Time series analysis methods
In this technical paper, InfluxData CTO, Paul Dix, will walk you through what time series is (and isn’t), what makes it different from stream processing, full-text search and other solutions.
By reading this tech paper, you will:
- Learn how time series data is all around us,
- See why a purpose built TSDB is important.
- Read about how a Time Series database is optimized for time-stamped data.
- Understand the differences between metrics, events, & traces and some of the key characteristics of time series data..
- Understand the differences between metrics, events, & traces.
Download this technical paper
What is time series analysis?
Time series analysis is the collection of data at specific intervals over a time period, with the purpose of identifying trend, seasonality, and residuals to aid in the forecasting of a future event. Time series analysis involves inferring what has happened to a series of data points in the past and attempting to predict future values.
Analyzing time series data allows extracting meaningful statistics and other characteristics of the data. As the name suggests, time series data is a collection of observations that themselves have been created through repeating measurements over time. Once you have that information, you can plot it on a graph and learn more about exactly what it is that you’re tracking.
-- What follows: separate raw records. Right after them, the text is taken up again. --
(* Every element of $\mathfrak m\wedge\mathfrak m$ of the form $$\tilde\upsilon=\sum_{\bar\alpha\in\bar\Omega}c_{\bar\alpha}\sum_{\beta\in\Omega,\ \bar\beta=\bar\alpha}X_\beta\wedge X_{-\beta},\qquad c_{\bar\alpha}\in\mathbb C,$$ is $\mathfrak k$-invariant, and conversely every element of $(\wedge^2\mathfrak m)^{\mathfrak k}$ can be written in this form with $c_{-\bar\alpha}=-c_{\bar\alpha}$ for all $\bar\alpha$.
   Context: $\mathfrak g$ is a simple complex Lie algebra, $\mathfrak h$ a Cartan subalgebra, $\Omega$ the root system with root spaces $\mathfrak g^\gamma$. $\{X_\gamma\}_{\gamma\in\Omega}$ together with a basis of $\mathfrak h$ is a basis of $\mathfrak g$ with $X_\gamma\in\mathfrak g^\gamma$, $(X_\gamma,X_{-\gamma})=1$ for the Killing form, and $[X_\alpha,X_\beta]=N_{\alpha\beta}X_{\alpha+\beta}$ where $N_{\alpha\beta}\ne0$ iff $\alpha+\beta\in\Omega$, $N_{\alpha\beta}=N_{\beta\gamma}=N_{\gamma\alpha}$ when $\alpha+\beta+\gamma=0$, $N_{\beta\alpha}=-N_{\alpha\beta}$, $N_{-\alpha,-\beta}=-N_{\alpha\beta}$. $P\subset\Omega$, $\Gamma(P)$ the lattice it generates, $\Omega_P=\Gamma(P)\cap\Omega$, $\mathfrak k=\mathfrak h\oplus\bigoplus_{\gamma\in\Omega_P}\mathfrak g^\gamma$, $\mathfrak m=\bigoplus_{\gamma\in\Omega\setminus\Omega_P}\mathfrak g^\gamma$. Quasi-roots $\bar\Omega$: nonzero images of roots in $\Gamma(\Omega)/\Gamma(P)$; $\bar\beta$ denotes the image of $\beta$. *)

theory Defs
  imports "HOL-Analysis.Analysis"
begin
(* Let $H:\mathcal P N\times Ł_1^S\to Ł_1$ be a playable Boolean effectivity function and let $n\ge1$. Define $E:\mathcal P N\times Ł_n^S\to Ł_n$ by $E(C,f)=\max\{\tfrac in\in Ł_n\mid H(C,\tau_{i/n}(f))=1\}$ (with $\tau_{0}(f)$ understood as the constant $1$, so the set is nonempty). Then $E$ is a playable $Ł_n$-valued effectivity function with $E^\sharp=H$. If moreover $H$ is truly playable, then $E$ is truly playable.
   Context: For a positive integer $n$ let $Ł_n=\{0,\frac1n,\dots,1\}$ with $\neg x=1-x$, $x\oplus y=\min(x+y,1)$, $x\odot y=\max(x+y-1,0)$, $\wedge=\min$, $\vee=\max$, applied pointwise on $Ł_n^S$; $0,1$ also denote constant functions; $Ł_1^S=\{0,1\}^S$. For $i\in\{1,\dots,n\}$, $\tau_{i/n}:Ł_n\to Ł_n$ is $\tau_{i/n}(x)=1$ if $x\ge i/n$ and $0$ otherwise, applied pointwise to functions. $E^\sharp$ is the restriction of $E$ to $\mathcal P N\times Ł_1^S$. Standing assumptions: $N$ finite, $|N|\ge2$, $|S|\ge2$; $\overline C=N\setminus C$. An $Ł_n$-valued effectivity function is any map $E:\mathcal P N\times Ł_n^S\to Ł_n$ (Boolean when $n=1$). It is: outcome monotonic if $f\ge g$ implies $E(C,f)\ge E(C,g)$; $N$-maximal if $\neg E(\varnothing,\neg f)\le E(N,f)$; superadditive if $E(C_1,f)\wedge E(C_2,g)\le E(C_1\cup C_2,f\wedge g)$ whenever $C_1\cap C_2=\varnothing$; homogeneous if $E(C,f\oplus f)=E(C,f)\oplus E(C,f)$ and $E(C,f\odot f)=E(C,f)\odot E(C,f)$; has liveness if $E(C,1)=1$ for all $C$; has safety if $E(C,0)=0$ for all $C$; principal if there is $g$ with $\{f\mid E(\varnothing,f)=1\}=\{f\mid f\ge g\odot\cdots\odot g\ (n\text{ factors})\}$. Playable: outcome monotonic, $N$-maximal, superadditive, homogeneous, liveness and safety; truly playable: playable and principal. *)

theory Defs
  imports Main "HOL.Real"
begin

definition luk :: "nat \<Rightarrow> real set" where
  "luk n = {real i / real n | i. i \<le> n}"

definition lfun :: "nat \<Rightarrow> ('s \<Rightarrow> real) set" where
  "lfun n = {f. \<forall>s. f s \<in> luk n}"

definition loplus :: "real \<Rightarrow> real \<Rightarrow> real" where
  "loplus x y = min (x + y) 1"

definition lodot :: "real \<Rightarrow> real \<Rightarrow> real" where
  "lodot x y = max (x + y - 1) 0"

fun lodot_pow :: "real \<Rightarrow> nat \<Rightarrow> real" where
  "lodot_pow x 0 = 1"
| "lodot_pow x (Suc k) = lodot x (lodot_pow x k)"

definition tau :: "real \<Rightarrow> ('s \<Rightarrow> real) \<Rightarrow> ('s \<Rightarrow> real)" where
  "tau t f = (\<lambda>s. if f s \<ge> t then 1 else 0)"

text \<open>An L_n-valued effectivity function: maps P N x L_n^S into L_n
  (only its values on L_n^S matter).\<close>
definition is_EF :: "nat \<Rightarrow> ('p set \<Rightarrow> ('s \<Rightarrow> real) \<Rightarrow> real) \<Rightarrow> bool" where
  "is_EF n E = (\<forall>C. \<forall>f\<in>lfun n. E C f \<in> luk n)"
lemma power_sum_estimate_dominant:
  fixes u v U V c D \<rho> :: real
  assumes "0 \<le> u" "0 \<le> v" "v \<le> \<rho> * u" "\<rho> \<le> 1" "0 \<le> D" "0 \<le> c"
    and U: "U \<le> - c * u" and V: "V \<le> D * u" and small: "D * \<rho> ^ n \<le> c / 2"
  shows "u ^ n * U + v ^ n * V \<le> - (c / 4) * (u ^ Suc n + v ^ Suc n)"
proof -
  have "u ^ n * U \<le> u ^ n * (- c * u)"
    using U \<open>0 \<le> u\<close> by (intro mult_left_mono) auto
  then have dominant: "u ^ n * U \<le> - c * u ^ Suc n"
    by (simp add: algebra_simps)
  have "v ^ n * V \<le> v ^ n * (D * u)"
    using V \<open>0 \<le> v\<close> by (intro mult_left_mono) auto
  also have "\<dots> \<le> (\<rho> * u) ^ n * (D * u)"
    using \<open>0 \<le> u\<close> \<open>0 \<le> v\<close> \<open>v \<le> \<rho> * u\<close> \<open>0 \<le> D\<close> by (intro mult_right_mono power_mono) auto
  also have "\<dots> = (D * \<rho> ^ n) * u ^ Suc n"
    by (simp add: power_mult_distrib algebra_simps)
  also have "\<dots> \<le> c / 2 * u ^ Suc n"
    using small \<open>0 \<le> u\<close> by (intro mult_right_mono) auto
  finally have minor: "v ^ n * V \<le> c / 2 * u ^ Suc n" .
  have "v \<le> u"
    using \<open>v \<le> \<rho> * u\<close> \<open>\<rho> \<le> 1\<close> \<open>0 \<le> u\<close> mult_right_mono[of \<rho> 1 u] by linarith
  then have "c / 4 * (u ^ Suc n + v ^ Suc n) \<le> c / 4 * (u ^ Suc n + u ^ Suc n)"
    using \<open>0 \<le> v\<close> \<open>0 \<le> c\<close> by (intro mult_left_mono add_left_mono power_mono) auto
  with dominant minor show ?thesis
    by simp
qed
(* Let $k\ge1$ be an integer. If $k$ is even, then $A(3k,k)$ is nonsingular, i.e. $N(3k,k)=0$. If $k\equiv1\pmod4$ then $N(3k,k)=1$, and if $k\equiv3\pmod4$ then $N(3k,k)=3$.
   Context: For $n>k\ge1$, $A(n,k)$ is the $n\times n$ skew-symmetric Toeplitz matrix whose first $k$ superdiagonals have all entries $1$ and whose remaining superdiagonals have all entries $0$, and $N(n,k)$ is its nullity. *)

theory Defs
  imports "Jordan_Normal_Form.Matrix_Kernel"
begin

definition A_mat :: "nat \<Rightarrow> nat \<Rightarrow> real mat" where
  "A_mat n k = mat n n (\<lambda>(i, j).
      if i < j \<and> j - i \<le> k then 1
      else if j < i \<and> i - j \<le> k then -1
      else 0)"

definition N_null :: "nat \<Rightarrow> nat \<Rightarrow> nat" where
  "N_null n k = kernel_dim (A_mat n k)"

end

theory Submission
  imports Defs
begin

text \<open>A vector x lies in the kernel of A(n,k) iff its prefix sums
  P(m) = x_0 + ... + x_{m-1} (so P = 0 for m \<le> 0 and P = P(n) for m \<ge> n) satisfy
  P(i+k+1) + P(i-k) = P(i+1) + P(i) for 0 \<le> i < n.  For n = 3k this recurrence can be
  solved block by block: on (0,k], (k,2k] and (2k,3k] the function P is a sum of one, two and
  three consecutive values of a sequence U, and the recurrence holds exactly when U is
  4-periodic and (k+1)-periodic with U(0) = 0, i.e. gcd(4,k+1)-periodic with U(0) = 0.  Such U
  form a space of dimension gcd(4,k+1) - 1, so N(3k,k) = gcd(4,k+1) - 1, which is 0, 1 or 3
  according as k is even, k = 1 or k = 3 (mod 4).\<close>

lemma kernel_dim_eq_pivots:
  fixes A :: "'a :: field mat"
  assumes A: "A \<in> carrier_mat nr nc"
    and vs: "\<And>i. i < d \<Longrightarrow> vs i \<in> mat_kernel A"
    and ps: "\<And>j. j < d \<Longrightarrow> ps j < nc"
    and delta: "\<And>i j. i < d \<Longrightarrow> j < d \<Longrightarrow> vs i $ ps j = (if i = j then 1 else 0)"
    and uniq: "\<And>x. x \<in> mat_kernel A \<Longrightarrow> (\<And>j. j < d \<Longrightarrow> x $ ps j = 0) \<Longrightarrow> x = 0\<^sub>v nc"
  shows "kernel_dim A = d"
proof -
  interpret K: kernel nr nc A by (unfold_locales, rule A)
  let ?B = "vs ` {..<d}"
  have inj: "inj_on vs {..<d}"
  proof (rule inj_onI)
    fix i j assume ij: "i \<in> {..<d}" "j \<in> {..<d}" and "vs i = vs j"
    then have "vs i $ ps j = vs j $ ps j" by simp
    with ij delta show "i = j" by (auto split: if_splits)
  qed
  have sub: "?B \<subseteq> mat_kernel A" using vs by auto
  have coord: "K.lincomb a ?B $ ps j = a (vs j)" if j: "j < d" for a j
  proof -
    have "K.lincomb a ?B $ ps j = (\<Sum>w\<in>?B. a w * w $ ps j)"
      by (rule K.lincomb_index[OF ps[OF j] sub])
    also have "\<dots> = (\<Sum>i<d. a (vs i) * vs i $ ps j)"
      by (simp add: sum.reindex[OF inj])
    also have "\<dots> = (\<Sum>i<d. if i = j then a (vs j) else 0)"
      by (rule sum.cong) (auto simp: delta j)
    also have "\<dots> = a (vs j)" using j by simp
    finally show ?thesis .
  qed
  have indpt: "K.lin_indpt ?B"
  proof (rule K.Ker.finite_lin_indpt2[OF _ sub])
    fix a assume lc: "K.lincomb a ?B = 0\<^sub>v nc"
    show "\<forall>v\<in>?B. a v = 0"
    proof
      fix v assume "v \<in> ?B"
      then obtain j where j: "j < d" and v: "v = vs j" by auto
      show "a v = 0" using coord[OF j, of a] lc ps[OF j] v by simp
    qed
  qed simp
  have spans: "mat_kernel A \<subseteq> K.span ?B"
  proof
    fix x assume x: "x \<in> mat_kernel A"
    define y where "y = K.lincomb (\<lambda>w. x $ ps (the_inv_into {..<d} vs w)) ?B"
    have y_span: "y \<in> K.span ?B" unfolding y_def K.Ker.span_def by blast
    then have "y \<in> mat_kernel A" using K.Ker.span_is_subset2[OF sub] by auto
    then have xy: "x \<in> carrier_vec nc" "y \<in> carrier_vec nc" "A *\<^sub>v x = 0\<^sub>v nr" "A *\<^sub>v y = 0\<^sub>v nr"
      using mat_kernelD[OF A] x by auto
    have "x - y \<in> mat_kernel A"
      using xy A by (intro mat_kernelI[OF A]) (auto simp: mult_minus_distrib_mat_vec)
    moreover have "(x - y) $ ps j = 0" if j: "j < d" for j
      using xy ps[OF j] coord[OF j] the_inv_into_f_f[OF inj] j by (simp add: y_def)
    ultimately have "x - y = 0\<^sub>v nc" by (rule uniq)
    then have "x = y" using xy by (intro eq_vecI) (auto simp: vec_eq_iff)
    then show "x \<in> K.span ?B" using y_span by simp
  qed
  have "K.basis ?B"
    unfolding K.Ker.basis_def using indpt sub spans K.Ker.span_is_subset2[OF sub] by auto
  then have "K.dim = card ?B" by (intro K.Ker.dim_basis) simp_all
  then show ?thesis using inj by (simp add: card_image)
qed

lemma periodic_shift_int:
  fixes f :: "int \<Rightarrow> 'a"
  assumes per: "\<And>j. f (j + d) = f j"
  shows "f (j + d * t) = f j"
proof -
  have nonneg: "f (i + d * int n) = f i" for i n
  proof (induction n)
    case (Suc n)
    then show ?case using per[of "i + d * int n"] by (simp add: algebra_simps)
  qed simp
  show ?thesis
  proof (cases "t \<ge> 0")
    case True
    then show ?thesis using nonneg[of j "nat t"] by simp
  next
    case False
    then show ?thesis using nonneg[of "j + d * t" "nat (- t)"] by (simp add: algebra_simps)
  qed
qed

lemma periodic_dvd_int:
  fixes f :: "int \<Rightarrow> 'a"
  assumes "\<And>j. f (j + d) = f j" and "d dvd e"
  shows "f (j + e) = f j"
  using assms(2) periodic_shift_int[of f d, OF assms(1)] by (auto simp: dvd_def)

lemma periodic_gcd_int:
  fixes f :: "int \<Rightarrow> 'a"
  assumes a: "\<And>j. f (j + a) = f j" and b: "\<And>j. f (j + b) = f j"
  shows "f (j + gcd a b) = f j"
proof -
  obtain u v where uv: "u * a + v * b = gcd a b" using bezout_int by blast
  have "f (j + gcd a b) = f ((j + a * u) + b * v)" using uv by (simp add: algebra_simps)
  also have "\<dots> = f (j + a * u)" by (rule periodic_shift_int[of f b, OF b])
  also have "\<dots> = f j" by (rule periodic_shift_int[of f a, OF a])
  finally show ?thesis .
qed

lemma periodic_mod_int:
  fixes f :: "int \<Rightarrow> 'a"
  assumes "\<And>j. f (j + d) = f j"
  shows "f (a + (j - a) mod d) = f j"
proof -
  have "a + (j - a) mod d + d * ((j - a) div d) = j" by (simp add: mod_mult_div_eq)
  with periodic_shift_int[of f d, OF assms, of "a + (j - a) mod d" "(j - a) div d"] show ?thesis by simp
qed

lemma periodic_eqI_int:
  fixes f g :: "int \<Rightarrow> 'a"
  assumes "0 < d" and "\<And>j. f (j + d) = f j" and "\<And>j. g (j + d) = g j"
    and "\<And>j. a \<le> j \<Longrightarrow> j < a + d \<Longrightarrow> f j = g j"
  shows "f = g"
proof
  fix j
  have "f j = f (a + (j - a) mod d)" by (rule periodic_mod_int[of f d, OF assms(2), symmetric])
  also have "\<dots> = g (a + (j - a) mod d)" using assms(1,4) by simp
  also have "\<dots> = g j" by (rule periodic_mod_int[of g d, OF assms(3)])
  finally show "f j = g j" .
qed

lemma periodic_extension_int:
  fixes u :: "int \<Rightarrow> 'a"
  assumes d: "0 < d" and per: "\<And>j. a \<le> j \<Longrightarrow> j + d \<le> b \<Longrightarrow> u (j + d) = u j"
    and j: "a \<le> j" "j \<le> b"
  shows "u j = u (a + (j - a) mod d)"
proof -
  define r where "r = a + (j - a) mod d"
  have r: "a \<le> r" using d by (simp add: r_def)
  have shift: "u (r + d * int t) = u r" if "r + d * int t \<le> b" for t
    using that
  proof (induction t)
    case (Suc t)
    have step: "0 \<le> d * int t" using d by simp
    have "u (r + d * int (Suc t)) = u ((r + d * int t) + d)" by (simp add: algebra_simps)
    also have "\<dots> = u (r + d * int t)"
      using per[of "r + d * int t"] r step Suc.prems by (simp add: algebra_simps)
    also have "\<dots> = u r" using Suc d by (simp add: algebra_simps)
    finally show ?case .
  qed simp
  have "j = r + d * int (nat ((j - a) div d))"
    using d j by (simp add: r_def pos_imp_zdiv_nonneg_iff mod_mult_div_eq)
  then show ?thesis using shift[of "nat ((j - a) div d)"] j by (simp add: r_def)
qed

lemma period4_window_sum:
  fixes f :: "int \<Rightarrow> 'a :: comm_monoid_add"
  assumes per: "\<And>j. f (j + 4) = f j"
  shows "f (j + 1) + f j + f (j - 1) + f (j - 2) = f 0 + f 1 + f 2 + f 3"
proof -
  define w where "w j = f (j + 1) + f j + f (j - 1) + f (j - 2)" for j
  have "w (j + 1) = w j" for j
    using per[of "j - 2"] unfolding w_def by (simp add: add.commute add.left_commute)
  then have "w (0 + (j - 0) mod 1) = w j" by (rule periodic_mod_int)
  moreover have "w 0 = f 1 + f 0 + f 3 + f 2" using per[of "-1"] per[of "-2"] by (simp add: w_def)
  ultimately show ?thesis by (simp add: w_def add_ac)
qed

definition prefix_sum :: "'a :: comm_monoid_add vec \<Rightarrow> int \<Rightarrow> 'a" where
  "prefix_sum x m = (\<Sum>j | j < dim_vec x \<and> int j < m. x $ j)"

lemma prefix_sum_nonpos: "m \<le> 0 \<Longrightarrow> prefix_sum x m = 0"
  unfolding prefix_sum_def by (rule sum.neutral) auto

lemma prefix_sum_ge_dim: "int (dim_vec x) \<le> m \<Longrightarrow> prefix_sum x m = prefix_sum x (dim_vec x)"
  unfolding prefix_sum_def by (rule sum.cong) auto

lemma prefix_sum_diff:
  fixes x :: "'a :: ab_group_add vec"
  assumes "a \<le> b"
  shows "prefix_sum x b - prefix_sum x a = (\<Sum>j | j < dim_vec x \<and> a \<le> int j \<and> int j < b. x $ j)"
proof -
  have eq: "{j. j < dim_vec x \<and> a \<le> int j \<and> int j < b}
      = {j. j < dim_vec x \<and> int j < b} - {j. j < dim_vec x \<and> int j < a}"
    using assms by auto
  show ?thesis unfolding prefix_sum_def eq by (rule sum_diff[symmetric]) (use assms in auto)
qed

lemma vec_nth_eq_prefix_sum_diff:
  fixes x :: "'a :: ab_group_add vec"
  assumes "j < dim_vec x"
  shows "x $ j = prefix_sum x (int j + 1) - prefix_sum x (int j)"
proof -
  have "{i. i < dim_vec x \<and> int i < int j + 1} = insert j {i. i < dim_vec x \<and> int i < int j}"
    using assms by auto
  then show ?thesis unfolding prefix_sum_def by simp
qed
(* Let $X$ be a setoid. Define $\mathsf{join}:\mathfrak{S}(\mathfrak{S}X)\to\mathfrak{S}X$ by $\mathsf{join}\ \hat f := f$ and $$\mathsf{join}(\mathsf{glue}\ o\ F\ G) := \mathsf{glue}\ o\ \big(\mathsf{join}(\mathsf{map}\,(\lambda x.\,\mathsf{SplitL}\ x\ o)\,F)\big)\ \big(\mathsf{join}(\mathsf{map}\,(\lambda x.\,\mathsf{SplitR}\ x\ o)\,G)\big).$$ Then $(\mathfrak{S}, \mathsf{const}, \mathsf{map}, \mathsf{join})$ is a monad up to $\asymp$: $\mathsf{join}$ and $\mathsf{map}\,\varphi$ (for respectful $\varphi$) respect $\asymp$, and for all $f\in\mathfrak{S}X$ and $H\in\mathfrak{S}(\mathfrak{S}(\mathfrak{S}X))$: $\mathsf{join}(\hat f)\asymp f$, $\mathsf{join}(\mathsf{map}\ \mathsf{const}\ f)\asymp f$, and $\mathsf{join}(\mathsf{join}\ H)\asymp\mathsf{join}(\mathsf{map}\ \mathsf{join}\ H)$.
   Context: Step functions. For a type $X$, $\mathfrak{S}X$ is the inductive type of (formal, rational) step functions on $[0,1]$: it has the constructors $\mathsf{const}\ x$ for $x\in X$ (also written $\hat x$), and $\mathsf{glue}\ o\ f\ g$ for $o\in(0,1)\cap\mathbb{Q}$ and $f,g\in\mathfrak{S}X$. Split. For $a\in(0,1)\cap\mathbb{Q}$: $\mathsf{SplitL}\ \hat x\ a := \hat x$, $\mathsf{SplitR}\ \hat x\ a:=\hat x$, and $\mathsf{SplitL}(\mathsf{glue}\ o\ f_l\ f_r)\ a :=$ $\mathsf{SplitL}\ f_l\ (a/o)$ if $a<o$; $f_l$ if $a=o$; $\mathsf{glue}\ (o/a)\ f_l\ (\mathsf{SplitL}\ f_r\ \tfrac{a-o}{1-o})$ if $a>o$. $\mathsf{SplitR}(\mathsf{glue}\ o\ f_l\ f_r)\ a :=$ $\mathsf{glue}\ \tfrac{o-a}{1-a}\ (\mathsf{SplitR}\ f_l\ (a/o))\ f_r$ if $a<o$; $f_r$ if $a=o$; $\mathsf{SplitR}\ f_r\ \tfrac{a-o}{1-o}$ if $a>o$. Map and ap. $\mathsf{map}\ \varphi\ \hat x := \widehat{\varphi x}$, $\mathsf{map}\ \varphi\ (\mathsf{glue}\ o\ f\ g):=\mathsf{glue}\ o\ (\mathsf{map}\ \varphi\ f)(\mathsf{map}\ \varphi\ g)$. For $F\in\mathfrak{S}(X\Rightarrow Y)$, $x\in\mathfrak{S}X$: $\hat\varphi @ x := \mathsf{map}\ \varphi\ x$, and $(\mathsf{glue}\ o\ F_l\ F_r) @ x := \mathsf{glue}\ o\ (F_l @ \mathsf{SplitL}\ x\ o)\ (F_r @ \mathsf{SplitR}\ x\ o)$. Write $f\{\circledast\}g := (\lambda u v. u\circledast v)\circ f @ g$ where $\varphi\circ x:=\mathsf{map}\ \varphi\ x$. Fold. $\mathsf{fold}\ \varphi\ \psi\ \hat x:=\varphi x$, $\mathsf{fold}\ \varphi\ \psi\ (\mathsf{glue}\ o\ f\ g) := \psi\ o\ (\mathsf{fold}\ \varphi\ \psi\ f)(\mathsf{fold}\ \varphi\ \psi\ g)$. $\mathsf{fold}_\star$ is $\mathsf{fold}\ \mathrm{id}\ (\lambda o\,p\,q.\ p\wedge q)$. Equivalence. For a setoid $X$ and $f,g\in\mathfrak{S}X$, $f\asymp_{\mathfrak{S}X} g := \mathsf{fold}_\star(f\{\asymp_X\}g)$; $\mathfrak{S}X$ is itself a setoid with this relation, so $\mathfrak{S}(\mathfrak{S}X)$ etc. carry the iterated relation. *)

theory Defs
  imports Main "HOL.Rat"
begin
lemma path_pmf_first_nth:
  assumes "n \<le> L"
  shows "map_pmf (\<lambda>p. (p ! 0, p ! n)) (path_pmf K mu L)
       = bind_pmf mu (\<lambda>x. map_pmf (Pair x) (iter_kernel n K x))"
  using assms
proof (induction L arbitrary: n)
  case 0
  then have "map_pmf (\<lambda>p. (p ! 0, p ! n)) (path_pmf K mu 0) = map_pmf (\<lambda>x. (x, x)) mu"
    by (simp add: map_pmf_comp)
  also have "\<dots> = bind_pmf mu (\<lambda>x. return_pmf (x, x))"
    by (simp add: map_pmf_def)
  finally show ?case
    using 0 by simp
next
  case (Suc L)
  let ?P = "path_pmf K mu L"
  have step: "map_pmf (\<lambda>p. (p ! 0, p ! n)) (path_pmf K mu (Suc L))
      = bind_pmf ?P (\<lambda>xs. map_pmf (\<lambda>y. ((xs @ [y]) ! 0, (xs @ [y]) ! n)) (K (xs ! L)))"
  proof -
    have "last xs = xs ! L" if "xs \<in> set_pmf ?P" for xs
      using length_path_pmf[OF that] by (metis diff_Suc_1 last_conv_nth list.size(3) nat.distinct(1))
    then show ?thesis
      by (auto simp: map_bind_pmf map_pmf_comp intro: bind_pmf_cong)
  qed
  show ?case
  proof (cases "n \<le> L")
    case True
    have "map_pmf (\<lambda>p. (p ! 0, p ! n)) (path_pmf K mu (Suc L))
        = bind_pmf ?P (\<lambda>xs. return_pmf (xs ! 0, xs ! n))"
      unfolding step
      by (rule bind_pmf_cong[OF refl])
         (use True in \<open>auto simp: nth_append simp flip: length_greater_0_conv dest!: length_path_pmf\<close>)
    also have "\<dots> = map_pmf (\<lambda>p. (p ! 0, p ! n)) ?P"
      by (simp add: map_pmf_def)
    finally show ?thesis
      using Suc.IH[OF True] by simp
  next
    case False
    then have n: "n = Suc L"
      using Suc.prems by simp
    have "map_pmf (\<lambda>p. (p ! 0, p ! n)) (path_pmf K mu (Suc L))
        = bind_pmf ?P (\<lambda>xs. map_pmf (Pair (xs ! 0)) (K (xs ! L)))"
      unfolding step
      by (rule bind_pmf_cong[OF refl])
         (auto simp: n nth_append simp flip: length_greater_0_conv dest!: length_path_pmf)
    also have "\<dots> = bind_pmf (map_pmf (\<lambda>p. (p ! 0, p ! L)) ?P) (\<lambda>(a, b). map_pmf (Pair a) (K b))"
      by (simp add: bind_map_pmf)
    also have "\<dots> = bind_pmf mu (\<lambda>x. bind_pmf (iter_kernel L K x) (\<lambda>b. map_pmf (Pair x) (K b)))"
      by (simp add: Suc.IH bind_assoc_pmf bind_map_pmf)
    also have "\<dots> = bind_pmf mu (\<lambda>x. map_pmf (Pair x) (iter_kernel (Suc L) K x))"
      by (simp only: iter_kernel_Suc_right map_bind_pmf)
    finally show ?thesis
      using n by simp
  qed
qed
A very straightforward time series analysis example might be the rise and fall of the temperature over the course of a day. By tracking the specific temperature outside at hourly intervals, and by doing so for 24 hours, you have a complete picture of the rise and fall of the temperature in your area. Then, if you know that the next day is going to be relatively similar in terms of things like precipitation and humidity, you can make a more educated guess about what the temperature may be at specific times. This is an oversimplified example, yes - but the underlying structure is the same regardless of what it is that you’re talking about.
Such analysis requires that the pattern of observed time series data is identified. Once the pattern is established, it can be interpreted, integrated with other data, and used for forecasting (which is fundamental for machine learning). Machine learning is a type of artificial intelligence that allows computer programs to actually “learn” and become “smarter” over time, all without being explicitly programmed to do so.
Importance of time series analysis
As more connected devices are implemented and data is expected to be collected and processed in real-time, the ability to handle time series data has become increasingly significant. This is going to become especially important over the next few years, as the Internet of Things begins to play a more common role in all of our lives.
At its core, the Internet of Things is a term used to describe a network of literally billions of devices that are all connected together, both creating and sharing data at all times. In a personal context, we’ve already seen this begin to play out in “smart” homes across America. Your thermostat knows that when it gets to a certain temperature, it needs to lower the shades in a room to help control the temperature. Or your smart home hub knows that as soon as the last person leaves the house, it is to lock all the doors and turn all the lights off. It wouldn’t be able to get to this point were it not for an interconnected network of sensors that are sharing information with one another at all times - making time series analysis all the more important.
Among other things, time series analysis can be used to effectively:
- Illustrate that data points taken over time may have some sort of internal structure. There may be a trend or pattern to your data that likely otherwise would have gone undiscovered.
- Provide users with a better understanding of the past, thus putting them in a position to better predict the future.
That last point is particularly important, and it’s a big part of the reason why time series analysis is used in economics, statistics and in similar fields. If you know historical data for a particular stock, for example, and you know how it has traditionally performed given certain world events, you can better predict the price when similar events occur in the future. If you know that the event itself is about to happen (like a larger economic downturn), you can use that insight to make a better and more informed decision about whether to purchase the stock itself.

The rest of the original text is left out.